§ **Work required**: Return every line of the data below word for word, including the punctuation.

§ **Data entries**:
_ _ _ _ _ _ _

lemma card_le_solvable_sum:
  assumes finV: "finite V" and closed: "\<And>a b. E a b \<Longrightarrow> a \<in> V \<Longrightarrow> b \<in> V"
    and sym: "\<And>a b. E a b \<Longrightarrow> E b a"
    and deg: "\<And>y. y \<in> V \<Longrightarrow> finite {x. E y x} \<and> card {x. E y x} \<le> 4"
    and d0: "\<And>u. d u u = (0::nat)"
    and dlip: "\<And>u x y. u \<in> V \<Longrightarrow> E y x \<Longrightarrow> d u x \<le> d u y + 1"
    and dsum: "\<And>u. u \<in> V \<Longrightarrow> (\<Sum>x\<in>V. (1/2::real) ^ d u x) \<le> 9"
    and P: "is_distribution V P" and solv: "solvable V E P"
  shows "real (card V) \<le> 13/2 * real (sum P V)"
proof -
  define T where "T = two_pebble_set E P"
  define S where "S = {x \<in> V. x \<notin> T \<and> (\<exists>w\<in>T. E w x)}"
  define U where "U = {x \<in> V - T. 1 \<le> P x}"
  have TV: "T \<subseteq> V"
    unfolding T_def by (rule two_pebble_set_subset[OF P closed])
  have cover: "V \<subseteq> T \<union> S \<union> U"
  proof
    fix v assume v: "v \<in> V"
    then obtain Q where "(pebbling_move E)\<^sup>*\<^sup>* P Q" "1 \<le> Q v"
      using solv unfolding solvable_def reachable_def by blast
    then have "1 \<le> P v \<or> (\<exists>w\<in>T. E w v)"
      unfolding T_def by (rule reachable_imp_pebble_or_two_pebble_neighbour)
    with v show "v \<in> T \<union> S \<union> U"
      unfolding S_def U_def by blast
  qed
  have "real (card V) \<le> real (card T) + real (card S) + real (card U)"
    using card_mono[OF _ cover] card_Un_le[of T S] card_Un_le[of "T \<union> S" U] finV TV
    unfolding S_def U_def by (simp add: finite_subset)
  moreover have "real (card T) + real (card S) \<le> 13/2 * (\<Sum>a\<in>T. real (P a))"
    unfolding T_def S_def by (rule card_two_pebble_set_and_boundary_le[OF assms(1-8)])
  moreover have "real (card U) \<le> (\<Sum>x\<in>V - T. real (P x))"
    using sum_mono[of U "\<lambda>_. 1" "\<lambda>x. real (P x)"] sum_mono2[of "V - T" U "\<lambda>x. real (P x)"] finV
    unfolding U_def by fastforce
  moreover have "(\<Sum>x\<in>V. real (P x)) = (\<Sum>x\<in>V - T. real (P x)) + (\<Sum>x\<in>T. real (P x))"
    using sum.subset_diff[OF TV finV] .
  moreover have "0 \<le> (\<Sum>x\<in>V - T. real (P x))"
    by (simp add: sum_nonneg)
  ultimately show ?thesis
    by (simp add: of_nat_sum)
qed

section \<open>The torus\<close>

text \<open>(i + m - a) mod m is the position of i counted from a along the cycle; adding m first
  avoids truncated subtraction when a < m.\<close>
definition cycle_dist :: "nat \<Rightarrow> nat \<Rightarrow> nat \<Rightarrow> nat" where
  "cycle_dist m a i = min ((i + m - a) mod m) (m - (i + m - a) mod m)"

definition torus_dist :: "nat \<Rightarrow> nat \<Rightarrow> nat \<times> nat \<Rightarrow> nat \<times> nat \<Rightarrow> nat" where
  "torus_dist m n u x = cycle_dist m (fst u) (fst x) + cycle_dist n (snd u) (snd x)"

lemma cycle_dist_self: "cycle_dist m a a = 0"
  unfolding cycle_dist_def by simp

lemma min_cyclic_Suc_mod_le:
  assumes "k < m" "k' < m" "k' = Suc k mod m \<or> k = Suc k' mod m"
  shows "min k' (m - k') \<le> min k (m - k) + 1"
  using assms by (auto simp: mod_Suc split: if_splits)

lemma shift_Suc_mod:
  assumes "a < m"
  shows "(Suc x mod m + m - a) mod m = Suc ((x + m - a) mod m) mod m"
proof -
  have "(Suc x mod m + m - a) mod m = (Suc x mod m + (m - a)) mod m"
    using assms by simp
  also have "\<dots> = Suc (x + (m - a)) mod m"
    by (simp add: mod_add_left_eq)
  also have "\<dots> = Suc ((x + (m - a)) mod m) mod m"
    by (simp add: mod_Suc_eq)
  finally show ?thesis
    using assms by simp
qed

_ _ _ _ _ _ _

§ **Response to the task**:
lemma card_le_solvable_sum:
  assumes finV: "finite V" and closed: "\<And>a b. E a b \<Longrightarrow> a \<in> V \<Longrightarrow> b \<in> V"
    and sym: "\<And>a b. E a b \<Longrightarrow> E b a"
    and deg: "\<And>y. y \<in> V \<Longrightarrow> finite {x. E y x} \<and> card {x. E y x} \<le> 4"
    and d0: "\<And>u. d u u = (0::nat)"
    and dlip: "\<And>u x y. u \<in> V \<Longrightarrow> E y x \<Longrightarrow> d u x \<le> d u y + 1"
    and dsum: "\<And>u. u \<in> V \<Longrightarrow> (\<Sum>x\<in>V. (1/2::real) ^ d u x) \<le> 9"
    and P: "is_distribution V P" and solv: "solvable V E P"
  shows "real (card V) \<le> 13/2 * real (sum P V)"
proof -
  define T where "T = two_pebble_set E P"
  define S where "S = {x \<in> V. x \<notin> T \<and> (\<exists>w\<in>T. E w x)}"
  define U where "U = {x \<in> V - T. 1 \<le> P x}"
  have TV: "T \<subseteq> V"
    unfolding T_def by (rule two_pebble_set_subset[OF P closed])
  have cover: "V \<subseteq> T \<union> S \<union> U"
  proof
    fix v assume v: "v \<in> V"
    then obtain Q where "(pebbling_move E)\<^sup>*\<^sup>* P Q" "1 \<le> Q v"
      using solv unfolding solvable_def reachable_def by blast
    then have "1 \<le> P v \<or> (\<exists>w\<in>T. E w v)"
      unfolding T_def by (rule reachable_imp_pebble_or_two_pebble_neighbour)
    with v show "v \<in> T \<union> S \<union> U"
      unfolding S_def U_def by blast
  qed
  have "real (card V) \<le> real (card T) + real (card S) + real (card U)"
    using card_mono[OF _ cover] card_Un_le[of T S] card_Un_le[of "T \<union> S" U] finV TV
    unfolding S_def U_def by (simp add: finite_subset)
  moreover have "real (card T) + real (card S) \<le> 13/2 * (\<Sum>a\<in>T. real (P a))"
    unfolding T_def S_def by (rule card_two_pebble_set_and_boundary_le[OF assms(1-8)])
  moreover have "real (card U) \<le> (\<Sum>x\<in>V - T. real (P x))"
    using sum_mono[of U "\<lambda>_. 1" "\<lambda>x. real (P x)"] sum_mono2[of "V - T" U "\<lambda>x. real (P x)"] finV
    unfolding U_def by fastforce
  moreover have "(\<Sum>x\<in>V. real (P x)) = (\<Sum>x\<in>V - T. real (P x)) + (\<Sum>x\<in>T. real (P x))"
    using sum.subset_diff[OF TV finV] .
  moreover have "0 \<le> (\<Sum>x\<in>V - T. real (P x))"
    by (simp add: sum_nonneg)
  ultimately show ?thesis
    by (simp add: of_nat_sum)
qed

section \<open>The torus\<close>

text \<open>(i + m - a) mod m is the position of i counted from a along the cycle; adding m first
  avoids truncated subtraction when a < m.\<close>
definition cycle_dist :: "nat \<Rightarrow> nat \<Rightarrow> nat \<Rightarrow> nat" where
  "cycle_dist m a i = min ((i + m - a) mod m) (m - (i + m - a) mod m)"

definition torus_dist :: "nat \<Rightarrow> nat \<Rightarrow> nat \<times> nat \<Rightarrow> nat \<times> nat \<Rightarrow> nat" where
  "torus_dist m n u x = cycle_dist m (fst u) (fst x) + cycle_dist n (snd u) (snd x)"

lemma cycle_dist_self: "cycle_dist m a a = 0"
  unfolding cycle_dist_def by simp

lemma min_cyclic_Suc_mod_le:
  assumes "k < m" "k' < m" "k' = Suc k mod m \<or> k = Suc k' mod m"
  shows "min k' (m - k') \<le> min k (m - k) + 1"
  using assms by (auto simp: mod_Suc split: if_splits)

lemma shift_Suc_mod:
  assumes "a < m"
  shows "(Suc x mod m + m - a) mod m = Suc ((x + m - a) mod m) mod m"
proof -
  have "(Suc x mod m + m - a) mod m = (Suc x mod m + (m - a)) mod m"
    using assms by simp
  also have "\<dots> = Suc (x + (m - a)) mod m"
    by (simp add: mod_add_left_eq)
  also have "\<dots> = Suc ((x + (m - a)) mod m) mod m"
    by (simp add: mod_Suc_eq)
  finally show ?thesis
    using assms by simp
qed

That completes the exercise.